Directed by Denis Villeneuve, Arrival is a story about aliens, but it is also a story about communication, understanding and acceptance. Without going into any plot specifics––as the story is best experienced with as little information as possible––the film grapples with themes that not only come across as strikingly relevant for our country today, but also manages to say a lot without ever falling into bland exposition monologues.

This is primarily due to a tightly paced script by Eric Heisserer and a stunning cast to back it up. The plot seems to take its time in setting up, but it is all for show, as Heisserer’s script manipulates the audience into a false sense of comfortable and familiarity before pulling the rug out from beneath them. Yet, the plot twists never come across as hackneyed or uncalled for, but rather feels like the sudden epiphany experienced upon finally figuring out a complex puzzle.

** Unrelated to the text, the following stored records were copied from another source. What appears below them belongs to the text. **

definition kseries :: "real \<Rightarrow> (nat \<Rightarrow> real) \<Rightarrow> real \<Rightarrow> real" where
  "kseries \<gamma> a t = \<gamma> + (\<Sum>j. 1 - exp (-(a j * t)))"

definition kseries_deriv :: "real \<Rightarrow> (nat \<Rightarrow> real) \<Rightarrow> nat \<Rightarrow> real \<Rightarrow> real" where
  "kseries_deriv \<gamma> a n t =
     (if n = 0 then kseries \<gamma> a t else (-1) ^ (n - 1) * (\<Sum>j. a j ^ n * exp (-(a j * t))))"

lemma kseries_0: "kseries \<gamma> a 0 = \<gamma>"
  by (simp add: kseries_def)

lemma kseries_measurable: "kseries \<gamma> a \<in> borel_measurable borel"
  unfolding kseries_def[abs_def] by measurable

context
  fixes a :: "nat \<Rightarrow> real"
  assumes a_pos: "\<And>j. 0 < a j" and a_le_1: "\<And>j. a j \<le> 1" and summable_a: "summable a"
begin

lemma summable_one_minus_exp_neg:
  assumes "t \<ge> 0" shows "summable (\<lambda>j. 1 - exp (-(a j * t)))"
proof (rule summable_comparison_test[OF _ summable_mult2[OF summable_a, of t]])
  show "\<exists>N. \<forall>j\<ge>N. norm (1 - exp (-(a j * t))) \<le> a j * t"
    using one_minus_exp_neg_bounds[OF less_imp_le[OF a_pos] assms] by auto
qed

lemma power_mult_exp_neg_le:
  assumes "n > 0" "t \<ge> 0" shows "\<bar>a j ^ n * exp (-(a j * t))\<bar> \<le> a j"
proof -
  have "a j ^ n \<le> a j"
    using power_decreasing[of 1 n "a j"] assms a_le_1[of j] a_pos[of j] by simp
  moreover have "a j ^ n * exp (-(a j * t)) \<le> a j ^ n"
    using mult_left_mono[of "exp (-(a j * t))" 1 "a j ^ n"] assms a_pos[of j] by simp
  ultimately have "a j ^ n * exp (-(a j * t)) \<le> a j" by linarith
  then show ?thesis using a_pos[of j] by (subst abs_of_nonneg) auto
qed

lemma summable_power_mult_exp_neg:
  assumes "n > 0" "t \<ge> 0" shows "summable (\<lambda>j. a j ^ n * exp (-(a j * t)))"
  by (rule summable_comparison_test[OF _ summable_a]) (use power_mult_exp_neg_le[OF assms] in auto)

lemma smooth_on_nonneg_kseries: "smooth_on_nonneg (kseries \<gamma> a) (kseries_deriv \<gamma> a)"
  unfolding smooth_on_nonneg_def
proof (intro conjI allI impI)
  fix n and x :: real assume x: "x \<ge> 0"
  show "(kseries_deriv \<gamma> a n has_real_derivative kseries_deriv \<gamma> a (Suc n) x) (at x within {0..})"
  proof (cases n)
    case 0
    have "((\<lambda>x. \<Sum>j. 1 - exp (-(a j * x))) has_real_derivative (\<Sum>j. a j ^ 1 * exp (-(a j * x))))
        (at x within {0..})"
      by (rule has_real_derivative_suminf_atLeast_0[OF _ power_mult_exp_neg_le summable_a])
         (use x in \<open>auto intro!: derivative_eq_intros\<close>)
    then have "((\<lambda>x. \<gamma> + (\<Sum>j. 1 - exp (-(a j * x)))) has_real_derivative (\<Sum>j. a j ^ 1 * exp (-(a j * x))))
        (at x within {0..})"
      using DERIV_add[OF DERIV_const] by fastforce
    moreover have "kseries_deriv \<gamma> a 0 = (\<lambda>x. \<gamma> + (\<Sum>j. 1 - exp (-(a j * x))))"
      by (simp add: fun_eq_iff kseries_deriv_def kseries_def)
    ultimately show ?thesis using 0 by (simp add: kseries_deriv_def)
  next
    case (Suc m)
    have "((\<lambda>x. \<Sum>j. a j ^ Suc m * exp (-(a j * x)))
        has_real_derivative (\<Sum>j. - (a j ^ Suc (Suc m) * exp (-(a j * x))))) (at x within {0..})"
    proof (rule has_real_derivative_suminf_atLeast_0[OF _ _ summable_a])
      fix j and y :: real assume "y \<ge> 0"
      show "\<bar>- (a j ^ Suc (Suc m) * exp (-(a j * y)))\<bar> \<le> a j"
        using power_mult_exp_neg_le[of "Suc (Suc m)" y j] \<open>y \<ge> 0\<close> by (simp only: abs_minus_cancel)
    qed (use x summable_power_mult_exp_neg[of "Suc m" 0] in \<open>auto intro!: derivative_eq_intros\<close>)
    then have "((\<lambda>x. (-1) ^ m * (\<Sum>j. a j ^ Suc m * exp (-(a j * x))))
        has_real_derivative (-1) ^ m * - (\<Sum>j. a j ^ Suc (Suc m) * exp (-(a j * x)))) (at x within {0..})"
      using suminf_minus[OF summable_power_mult_exp_neg[OF _ x, of "Suc (Suc m)"]]
      by (intro DERIV_cmult) simp
    then show ?thesis using Suc by (simp add: kseries_deriv_def[abs_def])
  qed
qed (simp add: kseries_deriv_def)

The cast, while sparse, are phenomenal, and manage to extract a lot of depth from the open-ended material they are given to work with. Amy Adams and Jeremy Renner star as two scientists challenged with an impossible task, a premise seen many times before, and yet they manage to seamlessly avoid cliches with their portrayals and never for a second come across as generic.

Instead, Arrival is a brilliant example of the classic storytelling device “show, don’t tell,” as it never takes advantage of its audience but allows them to interpret the plot for themselves. This is a film that does not hold its audience’s hand, but rather offer them an invitation into a deeper, complex narrative that truly has to be experienced firsthand.

Denis Villeneuve and Cinematographer Bradford Young’s camera work are some of the most breathtaking seen in a film this year, and it is remarkable how he is able to capture a shot that is simultaneously unsettling and beautiful. He emphasizes the faces of his actors repeatedly, which helps him establish an intimacy between his viewer and the characters that only makes the film that much more compelling to watch. When Villeneuve’s directing is paired with the haunting, melodic score from Jóhann Jóhannsson, Arrival transcends mere entertainment and becomes an emotional experience that will linger in the thoughts of the audience long after the credits roll.

Arrival is not only one of the best movies of the year, but quite possibly one of the best science fiction films to premiere in the last decade. It is a stunning display of emotion, character, and humanity that is destined to become a classic. Do not let it fly under your radar.